What is the link between artificial sweeteners and obesity?
We consume artificial sweeteners sometimes without knowing and sometimes deliberately, along with commercial products, thinking they are healthy and very effective for controlling blood sugar and weight. The truth about them is far from it.
Desserts, chewing gum, juice, instant coffee, chewable vitamins, ice cream, jelly, candy, yogurt, almost all diet products, “light” or “sugar-free” aren’t a wise choice. Researchers warn that artificial sweeteners used to replace sugar are actually hundreds of times sweeter than it and cause numerous health problems, among which are diabetes, obesity, and cancer.
These are synthetic substances much sweeter than sugar and contain less calories, almost imperceptible.

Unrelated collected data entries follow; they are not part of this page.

(* Let $\mathbf f=(f_1,\dots,f_n)\in\mathcal{GEN}_n$ and let $R$ be a tournament on $[n+1]$ whose restriction to $[n]$ is $R[\mathbf f]$. For $f_{n+1}\in\mathcal G_0$ write $\mathbf f'=(f_1,\dots,f_n,f_{n+1})$. (a) The set $\{f_{n+1}\in\mathcal G_0:\mathbf f'\in\mathcal{GEN}_{n+1}\}$ is open and dense in $\mathcal G_0$. If $\mathbf f\in\mathcal{GEN}_n^+$, then $\{f_{n+1}\in\mathcal G_0:\mathbf f'\in\mathcal{GEN}_{n+1}^+\}$ is open and dense in $\mathcal G_0$. (b) The set $\{f_{n+1}\in\mathcal G_0:\mathbf f'\in\mathcal{GEN}_{n+1},\ R[\mathbf f']=R\}$ is open and nonempty in $\mathcal G_0$. (c) If $\mathbf f\in\mathcal{GEN}_n^+$, then $\{f_{n+1}\in\mathcal G_0:\mathbf f'\in\mathcal{GEN}_{n+1}^+,\ R[\mathbf f']=R\}$ is open and nonempty in $\mathcal G_0$.
   Context: Let $\mathcal G$ be the group of strictly increasing continuous maps $f:[-1,1]\to[-1,1]$ with $f(\pm1)=\pm1$, with the sup-norm topology; $i$ is the identity; $\mathcal G_0=\{f\in\mathcal G:\int_{-1}^1 f=0\}$. $f^e(t)=\tfrac12(f(t)+f(-t))$. For $f,g\in\mathcal G$, $Q(f,g)=\int_{-1}^1 f(g^{-1}(t))\,dt$. For $\mathbf f=(f_1,\dots,f_n)\in\mathcal G^n$, $R[\mathbf f]$ is the digraph on $[n]$ with $(i,j)\in R[\mathbf f]$ iff $Q(f_j,f_i)>0$. A tournament on $I$ is a subset of $I\times I$ containing no diagonal pair and exactly one of $(i,j),(j,i)$ for each distinct $i,j$. $\mathcal{GEN}_n$ (generic $n$-tuples) is the set of $\mathbf f\in\mathcal G_0^n$ with $\{i,f_1,\dots,f_n\}$ linearly independent and $Q(f_i,f_j)\neq0$ for all $i\neq j$; $\mathcal{GEN}_n^+$ (strongly generic) is the set of $\mathbf f\in\mathcal G_0^n$ with $\{f_1^e,\dots,f_n^e\}$ linearly independent and $Q(f_i,f_j)\ne0$ for all $i\ne j$. *)

theory Defs
  imports "HOL-Analysis.Analysis"
begin

text \<open>Functions are represented as real \<Rightarrow> real, with the
  normalising convention that they are the identity outside [-1,1], so that
  G is in bijection with the paper's group.\<close>
definition Gset :: "(real \<Rightarrow> real) set" where
  "Gset = {f. continuous_on {-1..1} f \<and> strict_mono_on {-1..1} f
              \<and> f ` {-1..1} \<subseteq> {-1..1} \<and> f (-1) = -1 \<and> f 1 = 1
              \<and> (\<forall>t. t \<notin> {-1..1} \<longrightarrow> f t = t)}"

definition G0 :: "(real \<Rightarrow> real) set" where
  "G0 = {f \<in> Gset. integral {-1..1} f = 0}"

definition supdist :: "(real \<Rightarrow> real) \<Rightarrow> (real \<Rightarrow> real) \<Rightarrow> real" where
  "supdist f g = (SUP t\<in>{-1..1}. \<bar>f t - g t\<bar>)"

definition open_in_G0 :: "(real \<Rightarrow> real) set \<Rightarrow> bool" where
  "open_in_G0 S \<longleftrightarrow> S \<subseteq> G0 \<and>
     (\<forall>f\<in>S. \<exists>e>0. \<forall>g\<in>G0. supdist f g < e \<longrightarrow> g \<in> S)"

definition dense_in_G0 :: "(real \<Rightarrow> real) set \<Rightarrow> bool" where
  "dense_in_G0 S \<longleftrightarrow> (\<forall>f\<in>G0. \<forall>e>0. \<exists>g\<in>S. supdist f g < e)"

definition even_part :: "(real \<Rightarrow> real) \<Rightarrow> real \<Rightarrow> real" where
  "even_part f t = (f t + f (- t)) / 2"

definition Q :: "(real \<Rightarrow> real) \<Rightarrow> (real \<Rightarrow> real) \<Rightarrow> real" where
  "Q f g = integral {-1..1} (\<lambda>t. f (inv_into {-1..1} g t))"

text \<open>Tuples (f_1,...,f_n) are functions nat \<Rightarrow> (real \<Rightarrow> real), indices 1..n.\<close>
definition GEN :: "nat \<Rightarrow> (nat \<Rightarrow> real \<Rightarrow> real) set" where
  "GEN n = {f. (\<forall>k\<in>{1..n}. f k \<in> G0)
     \<and> (\<forall>c0 c. (\<forall>t\<in>{-1..1}. c0 * t + (\<Sum>k=1..n. c k * f k t) = 0)
                \<longrightarrow> c0 = 0 \<and> (\<forall>k\<in>{1..n}. c k = 0))
     \<and> (\<forall>i\<in>{1..n}. \<forall>j\<in>{1..n}. i \<noteq> j \<longrightarrow> Q (f i) (f j) \<noteq> 0)}"

definition GENp :: "nat \<Rightarrow> (nat \<Rightarrow> real \<Rightarrow> real) set" where
  "GENp n = {f. (\<forall>k\<in>{1..n}. f k \<in> G0)
     \<and> (\<forall>c. (\<forall>t\<in>{-1..1}. (\<Sum>k=1..n. c k * even_part (f k) t) = 0)
                \<longrightarrow> (\<forall>k\<in>{1..n}. c k = 0))
     \<and> (\<forall>i\<in>{1..n}. \<forall>j\<in>{1..n}. i \<noteq> j \<longrightarrow> Q (f i) (f j) \<noteq> 0)}"

definition Rel :: "nat \<Rightarrow> (nat \<Rightarrow> real \<Rightarrow> real) \<Rightarrow> (nat \<times> nat) set" where
  "Rel n f = {(i, j). i \<in> {1..n} \<and> j \<in> {1..n} \<and> Q (f j) (f i) > 0}"

definition tournament :: "'a set \<Rightarrow> ('a \<times> 'a) set \<Rightarrow> bool" where
  "tournament I R \<longleftrightarrow> R \<subseteq> I \<times> I \<and> (\<forall>i. (i, i) \<notin> R)
     \<and> (\<forall>i\<in>I. \<forall>j\<in>I. i \<noteq> j \<longrightarrow> ((i, j) \<in> R \<longleftrightarrow> (j, i) \<notin> R))"

end

theory Submission
  imports Defs
begin

definition inc_homeo :: "(real \<Rightarrow> real) \<Rightarrow> bool" where
  "inc_homeo p \<longleftrightarrow> continuous_on {-1..1} p \<and> strict_mono_on {-1..1} p \<and> p (-1) = -1 \<and> p 1 = 1"

abbreviation hinv :: "(real \<Rightarrow> real) \<Rightarrow> real \<Rightarrow> real" where
  "hinv p \<equiv> inv_into {-1..1} p"

lemma inc_homeo_cont: "inc_homeo p \<Longrightarrow> continuous_on {-1..1} p"
  by (simp add: inc_homeo_def)

lemma inc_homeo_less_iff:
  assumes "inc_homeo p" "s \<in> {-1..1}" "t \<in> {-1..1}"
  shows "p s < p t \<longleftrightarrow> s < t"
  using assms unfolding inc_homeo_def by (metis linorder_not_le order_le_less strict_mono_onD)

lemma inc_homeo_le_iff:
  assumes "inc_homeo p" "s \<in> {-1..1}" "t \<in> {-1..1}"
  shows "p s \<le> p t \<longleftrightarrow> s \<le> t"
  using inc_homeo_less_iff[OF assms(1,3,2)] by linarith

lemma inc_homeo_maps:
  assumes "inc_homeo p" "s \<in> {-1..1}"
  shows "p s \<in> {-1..1}"
proof -
  have "p (-1) \<le> p s" "p s \<le> p 1"
    using inc_homeo_le_iff[OF assms(1)] assms(2) by auto
  then show ?thesis using assms(1) by (simp add: inc_homeo_def)
qed

lemma inc_homeo_image:
  assumes "inc_homeo p"
  shows "p ` {-1..1} = {-1..1}"
proof
  show "p ` {-1..1} \<subseteq> {-1..1}" using inc_homeo_maps[OF assms] by auto
  show "{-1..1} \<subseteq> p ` {-1..1}"
  proof
    fix y :: real assume "y \<in> {-1..1}"
    then have "\<exists>x. -1 \<le> x \<and> x \<le> 1 \<and> p x = y"
      using assms by (intro IVT') (auto simp: inc_homeo_def)
    then show "y \<in> p ` {-1..1}" by auto
  qed
qed

lemma hinv_maps: "inc_homeo p \<Longrightarrow> t \<in> {-1..1} \<Longrightarrow> hinv p t \<in> {-1..1}"
  by (metis inc_homeo_image inv_into_into)

lemma hinv_right: "inc_homeo p \<Longrightarrow> t \<in> {-1..1} \<Longrightarrow> p (hinv p t) = t"
  by (metis inc_homeo_image f_inv_into_f)

lemma hinv_left: "inc_homeo p \<Longrightarrow> s \<in> {-1..1} \<Longrightarrow> hinv p (p s) = s"
  by (metis inc_homeo_def inv_into_f_f strict_mono_on_imp_inj_on)

lemma inc_homeo_hinv:
  assumes p: "inc_homeo p"
  shows "inc_homeo (hinv p)"
proof -
  have "continuous_on (p ` {-1..1}) (hinv p)"
    using p by (intro continuous_on_inv) (auto simp: inc_homeo_def hinv_left)
  moreover have "strict_mono_on {-1..1} (hinv p)"
  proof (rule strict_mono_onI)
    fix r s :: real assume "r \<in> {-1..1}" "s \<in> {-1..1}" "r < s"
    then show "hinv p r < hinv p s"
      using inc_homeo_less_iff[OF p hinv_maps[OF p] hinv_maps[OF p], of r s] hinv_right[OF p] by simp
  qed
  moreover have "hinv p (-1) = -1" "hinv p 1 = 1"
    using hinv_left[OF p, of "-1"] hinv_left[OF p, of 1] p by (auto simp: inc_homeo_def)
  ultimately show ?thesis using inc_homeo_image[OF p] by (simp add: inc_homeo_def)
qed

lemma inc_homeo_id: "inc_homeo (\<lambda>t. t)"
  unfolding inc_homeo_def by (auto intro: strict_mono_onI continuous_intros)

lemma inc_homeo_comp:
  assumes p: "inc_homeo p" and q: "inc_homeo q"
  shows "inc_homeo (\<lambda>t. p (q t))"
proof -
  have "continuous_on {-1..1} (\<lambda>t. p (q t))"
    using p q inc_homeo_maps[OF q]
    by (intro continuous_on_compose2[of "{-1..1}" p "{-1..1}" q]) (auto simp: inc_homeo_def)
  moreover have "strict_mono_on {-1..1} (\<lambda>t. p (q t))"
    by (rule strict_mono_onI) (simp add: inc_homeo_less_iff[OF p inc_homeo_maps[OF q] inc_homeo_maps[OF q]] inc_homeo_less_iff[OF q])
  ultimately show ?thesis using p q by (simp add: inc_homeo_def)
qed

lemma cont_comp_hinv:
  fixes h :: "real \<Rightarrow> real"
  assumes "inc_homeo p" "continuous_on {-1..1} h"
  shows "continuous_on {-1..1} (\<lambda>t. h (hinv p t))"
  using assms hinv_maps[OF assms(1)] inc_homeo_cont[OF inc_homeo_hinv[OF assms(1)]]
  by (intro continuous_on_compose2[of "{-1..1}" h "{-1..1}" "hinv p"]) auto

lemma integrable_comp_hinv:
  fixes h :: "real \<Rightarrow> real"
  assumes "inc_homeo p" "continuous_on {-1..1} h"
  shows "(\<lambda>t. h (hinv p t)) integrable_on {-1..1}"
  by (intro integrable_continuous_real cont_comp_hinv[OF assms])

lemma integral_inc_homeo_bounds:
  assumes "inc_homeo p" "-1 \<le> a" "a \<le> b" "b \<le> 1"
  shows "(b - a) * p a \<le> integral {a..b} p" "integral {a..b} p \<le> (b - a) * p b"
proof -
  have i: "p integrable_on {a..b}"
    using assms by (intro integrable_continuous_real continuous_on_subset[OF inc_homeo_cont]) auto
  have "integral {a..b} (\<lambda>_. p a) \<le> integral {a..b} p" "integral {a..b} p \<le> integral {a..b} (\<lambda>_. p b)"
    by (intro integral_le i integrable_const_ivl; use assms inc_homeo_le_iff[OF assms(1)] in auto)+
  moreover have "integral {a..b} (\<lambda>_. c) = (b - a) * c" for c
    using assms by simp
  ultimately show "(b - a) * p a \<le> integral {a..b} p" "integral {a..b} p \<le> (b - a) * p b"
    using assms by (simp_all add: mult.commute)
qed

definition young_defect :: "(real \<Rightarrow> real) \<Rightarrow> real \<Rightarrow> real" where
  "young_defect p x = integral {-1..x} p + integral {-1..p x} (hinv p) - x * p x"

text \<open>Both integrals over a step from \<open>a\<close> to \<open>b\<close> are squeezed between the areas of
  the inner and outer rectangles of the graph, whose difference is \<open>(b - a) * (p b - p a)\<close>.\<close>
lemma young_defect_step:
  assumes p: "inc_homeo p" and ab: "-1 \<le> a" "a \<le> b" "b \<le> 1"
  shows "\<bar>young_defect p b - young_defect p a\<bar> \<le> (b - a) * (p b - p a)"
proof -
  have q: "inc_homeo (hinv p)" by (rule inc_homeo_hinv[OF p])
  have pab: "p a \<in> {-1..1}" "p b \<in> {-1..1}" "p a \<le> p b"
    using ab inc_homeo_maps[OF p] inc_homeo_le_iff[OF p] by auto
  have int_p: "integral {-1..a} p + integral {a..b} p = integral {-1..b} p"
    using ab by (intro Henstock_Kurzweil_Integration.integral_combine integrable_continuous_real
        continuous_on_subset[OF inc_homeo_cont[OF p]]) auto
  have int_q: "integral {-1..p a} (hinv p) + integral {p a..p b} (hinv p) = integral {-1..p b} (hinv p)"
    using pab by (intro Henstock_Kurzweil_Integration.integral_combine integrable_continuous_real
        continuous_on_subset[OF inc_homeo_cont[OF q]]) auto
  note bp = integral_inc_homeo_bounds[OF p ab]
  note bq = integral_inc_homeo_bounds[OF q, of "p a" "p b"]
  have "hinv p (p a) = a" "hinv p (p b) = b" using hinv_left[OF p] ab by auto
  then have bq': "(p b - p a) * a \<le> integral {p a..p b} (hinv p)"
    "integral {p a..p b} (hinv p) \<le> (p b - p a) * b"
    using bq pab by auto
  have d: "young_defect p b - young_defect p a
      = integral {a..b} p + integral {p a..p b} (hinv p) - (b * p b - a * p a)"
    unfolding young_defect_def using int_p int_q by linarith
  have e1: "(b - a) * p a + (p b - p a) * a - (b * p b - a * p a) = - ((b - a) * (p b - p a))"
    by (simp add: algebra_simps)
  have e2: "(b - a) * p b + (p b - p a) * b - (b * p b - a * p a) = (b - a) * (p b - p a)"
    by (simp add: algebra_simps)
  have "young_defect p b - young_defect p a \<le> (b - a) * (p b - p a)"
    using d e2 bp(2) bq'(2) by linarith
  moreover have "- ((b - a) * (p b - p a)) \<le> young_defect p b - young_defect p a"
    using d e1 bp(1) bq'(1) by linarith
  ultimately show ?thesis by (simp add: abs_le_iff)
qed

lemma young_defect_diff_le:
  assumes p: "inc_homeo p" and "x \<in> {-1..1}" "y \<in> {-1..1}"
  shows "\<bar>young_defect p y - young_defect p x\<bar> \<le> \<bar>y - x\<bar> * \<bar>p y - p x\<bar>"
proof (cases "x \<le> y")
  case True
  then show ?thesis
    using young_defect_step[OF p, of x y] assms inc_homeo_le_iff[OF p, of x y] by auto
next
  case False
  then show ?thesis
    using young_defect_step[OF p, of y x] assms inc_homeo_le_iff[OF p, of y x]
    by (auto simp: abs_minus_commute)
qed

lemma young_defect_deriv:
  assumes p: "inc_homeo p" and x: "x \<in> {-1..1}"
  shows "(young_defect p has_field_derivative 0) (at x within {-1..1})"
proof -
  let ?D = "young_defect p"
  have "\<forall>\<^sub>F y in at x within {-1..1}. norm ((?D y - ?D x) / (y - x)) \<le> \<bar>p y - p x\<bar>"
    unfolding eventually_at_filter
  proof (rule always_eventually, intro allI impI)
    fix y assume "y \<noteq> x" "y \<in> {-1..1::real}"
    then show "norm ((?D y - ?D x) / (y - x)) \<le> \<bar>p y - p x\<bar>"
      using young_defect_diff_le[OF p x] by (simp add: abs_divide divide_le_eq mult.commute)
  qed
  moreover have "(p \<longlongrightarrow> p x) (at x within {-1..1})"
    using inc_homeo_cont[OF p] x by (simp add: continuous_on_def)
  then have "((\<lambda>y. \<bar>p y - p x\<bar>) \<longlongrightarrow> \<bar>p x - p x\<bar>) (at x within {-1..1})"
    by (intro tendsto_intros)
  then have "((\<lambda>y. \<bar>p y - p x\<bar>) \<longlongrightarrow> 0) (at x within {-1..1})" by simp
  ultimately have "((\<lambda>y. (?D y - ?D x) / (y - x)) \<longlongrightarrow> 0) (at x within {-1..1})"
    by (rule Lim_null_comparison)
  then show ?thesis by (simp add: has_field_derivative_iff)
qed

Thus, products based on sweeteners have far less calories than those containing sugar.
US Food and Drug Administration approved six artificial sweeteners with few calories to be used in a variety of foods: aspartame, saccharin, cyclamate, acesulfame-K, sucralose, and advantame.
E 951 – Aspartame
Aspartame is one of the most present on the market, included in more than 6,000 products worldwide, either alone or in combination with saccharin. It is found in the form of a white crystalline powder or in granular form.
E 954 – Saccharin
Saccharin was discovered in 1879, presenting in the form of colorless crystals, sometimes gaining a white hue. It is obtained from petroleum. Saccharin was suspected of promoting cancer, so both its consumption and commercialization was banned in Canada.
E 952 – Cyclamate
Cyclamate is used in the manufacture of soft drinks, biscuits and pastries, jams and canned fruits. The sweetening power of cyclamate varies between 30-80, depending on the food product. In high concentrations, its sweetness is affected by an unpleasant residual component.
E 950 – Acesulfame K
Acesulfame K (K for Potassium) is an artificial sweetener discovered accidentally in 1967. It is found in the form of colorless crystals or a white crystalline powder. The sweet taste of acesulfame K installs rapidly and it resembles the one of sucrose at low concentrations; at higher concentrations, the taste of acesulfame K is affected by a slight bitter residual component, less intense than that of saccharin.
E 955 – Sucralose
Due to its high stability, sucralose can be used in products that require heat treatment or prolonged storage period. Sucralose is used frequently in sweets and soft drinks, but it is also marketed as such, under the name of “Splenda”, mixed with other substances such as dextrose and maltodextrin.
The last artificial sweetener approved by the FDA, is aspartame’s sweeter uncle, to be more specific 20,000 times, gram per gram, sweeter than sugar.
Artificial sweeteners also fatten
If you read the label of the products containing sweeteners, you will see that they are recommended for people with weight problems or diabetes. In the case of healthy individuals, sugar (especially the one contained by fruits) is food for the brain. Doctors warn that sweeteners are not recommended for children or healthy adults. In this regard, sugar is a better option because in moderate amounts it provides calories that are necessary for energy.
When it comes to sweeteners, one problem stands: some of them can lead to gaining weight. That’s because these chemicals turn the body’s ability to control its appetite upside down. Thus, the body requires more food than it needs. Normally, the body expects to receive large amounts of calories when it feels the taste of sweet and it prepares the digestive system for this. When calories don’t follow the sweet taste, as it happens in the case of artificial sweetener, the body gets confused and cannot control its appetite.
So you eat more and you gain weight accordingly.
Leads to cardiovascular diseases
A study conducted on 60,000 women with an average age of 62.8 years, revealed a link between consuming diet drinks and cardiovascular problems. “Although the term diet should designate a healthy product, several studies have shown that artificial sweeteners in low-calorie beverages are one of the causes of metabolic syndrome and heart diseases”, researcher Ankur Vyas from the University of Iowa Hospitals and Clinics explained.
What can you do?
Addiction to a certain type of artificial sugar cannot be easily eliminated. You need perseverance and a well-established plan.
You can start by reducing the amount of artificial sugars in your diet, by moderate consumption of certain foods and beverages. If you use them in coffee or tea, try to minimize the amount. Use less cookies, juices, sugar-free chewing gums in your diet and all the similar products promoted in TV commercials. In time, your body will be able to get rid of this addiction to sweets.
Simultaneously, you can replace certain artificial sugar-based products with natural alternatives. Think about the benefits of fruits and vegetables. They contain natural sugars that help the body more than any artificial sugar produced for commercial use.
If you fail to get rid of that desire to eat “sweets” even after you have reduced or replaced food and drinks that contain these substances, resort to the true natural sweetener given by nature: honey. One tablespoon of honey in the morning tea is a miracle worker.